In October 1864, a 38-year old farmer from Story County, Iowa enlisted with Company I of the 8th Iowa Volunteer Infantry. With a wife and five young kids to feed, and with no certainty of return, it must have been a difficult choice. The unit he was joining had already sustained heavy casualties at Shiloh and Vicksburg, and many had died in Andersonville prison. But he also a patriot and a Christian abolitionist, and so felt it his obligation to join the cause of the Union. With the harvest over and his eldest boy old enough to take over the chores, he marched south, seeing action at Spanish Fort the following spring. In Fall, following Lee’s surrender, he returned home and kept on farming until he died in 1908.
That farmer was my great-great-Grandfather. The bible he carried off to war now resides at my parent’s house, and I have had occasion to carefully turn its pages, looking for clues to what drove him. Other than his name and a few notes on the inside cover, he left the answer to posterity. I imagine, though, the answer wouldn’t be much different than some of the other Iowa farmers I’ve known who’ve answered the call. Farmers like my great-great-uncle Billy Stebner, who as an old man used to thrill my brother and me with his tales of pursuing Pancho Villa into Mexico with General Black Jack Pershing.
Farmers like my maternal Grandpa John Cullen, who followed Pershing on his next assignment in Europe, and saw the horrors of trench warfare at the Marne. Or his son John, a Marine who fought amid the carnage of Okinawa. Every week he wrote a letter to his five kid sisters, including my 6 year old mom, telling them everything would be okay.
Farmers like Donnie Burge, a cornfield hot rodder who enlisted with the 5th Army in ’55 and spent the next two years getting his arms covered in tattoos and staring across the 38th parallel at a scowling line of North Koreans. Luckily the ceasefire held, and he returned to take over the family farm. And sire yours truly.

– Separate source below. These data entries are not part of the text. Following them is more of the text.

theorem lemma7:
  fixes M :: "'a measure" and A :: "'a set" and T :: "'a \<Rightarrow> 'a"
    and B :: "nat \<Rightarrow> 'a set" and n :: nat and \<alpha> :: real
    and x :: "nat \<Rightarrow> real" and l0 :: real
  assumes sys: "open_dyn_system M A T"
    and Ainf_null: "Ainf T A \<in> null_sets M"
    and alpha: "0 < \<alpha>" "\<alpha> < 1"
    and B_meas: "\<forall>k\<in>{1..n}. B k \<in> sets M"
    and B_disj: "disjoint_family_on B {1..n}"
    and B_cover: "(\<Union>k\<in>{1..n}. B k) = A"
    and C_fin: "\<forall>k\<in>{1..n}. \<forall>j\<in>{1..n}. emeasure M (Chat_set M T A B n \<alpha> k j) < \<infinity>"
    and c_fin: "\<forall>k\<in>{1..n}. emeasure M (chat_set M T A B n \<alpha> k) < \<infinity>"
    and x_pos: "\<forall>i\<in>{1..n}. 0 < x i"
    and x_eq: "\<forall>i\<in>{1..n}. x i powr (1 + \<alpha>) =
        \<alpha> * ((\<Sum>j\<in>{1..n}. Chat M T A B n \<alpha> i j * x j) + chat M T A B n \<alpha> i)
          / (\<Sum>k\<in>{1..n}. Chat M T A B n \<alpha> k i * x k powr (- \<alpha>))"
    and l0_eq: "exp (\<alpha> * l0 - 1) *
        (\<Sum>i\<in>{1..n}. \<Sum>j\<in>{1..n}. Chat M T A B n \<alpha> i j * x j * x i powr (- \<alpha>)) = \<alpha>"
  shows "solves_Dhat M T A B n \<alpha> (\<lambda>i. if i = 0 then l0 else ln (x i) - l0)"
proof -
  have "Qhat M T A B n \<alpha> \<mu> \<le> Qhat M T A B n \<alpha> (lambda_star l0 x)" for \<mu>
    unfolding Qhat_eq_dual_obj
    by (rule dual_obj_le_lambda_star) (use x_pos x_eq l0_eq in \<open>auto simp: Chat_def chat_def\<close>)
  then show ?thesis
    by (simp add: solves_Dhat_def lambda_star_def[abs_def])
qed

end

Farmers like my brother-in-law Ron, who spent 3 tours in Vietnam as a Huey pilot. Just like my Uncle John he wrote reassuring letters home to his 6 year old kid sister, who grew up and married me. After the war he spent another 10 years as a helicopter school instructor at Ft. Rucker, and returned home to the dairy country of Northeast Iowa. Three of his own farm kids have answered the call; most recently my niece Devin, who spent 2004-5 in Baghdad driving a 3-ton truck with the 389th Iowa Combat Engineering Battalion. Farmers like her husband Rick, currently serving with the 389th in Iraq on his 2nd tour, away from their baby daughter.
Every single one of them fill me with awe and amazement, and a humbled sense of gratitude for having the great cosmic fortune to be born in a country capable of producing farmers (or non-farmers) like that. Where do they come from, this long line of common men and women of uncommon valor, who risk everything only to shrug it off with a simple “I just did my duty”?
I’m afraid I’ll never quite comprehend it, but an awestruck thanks to every last one of you.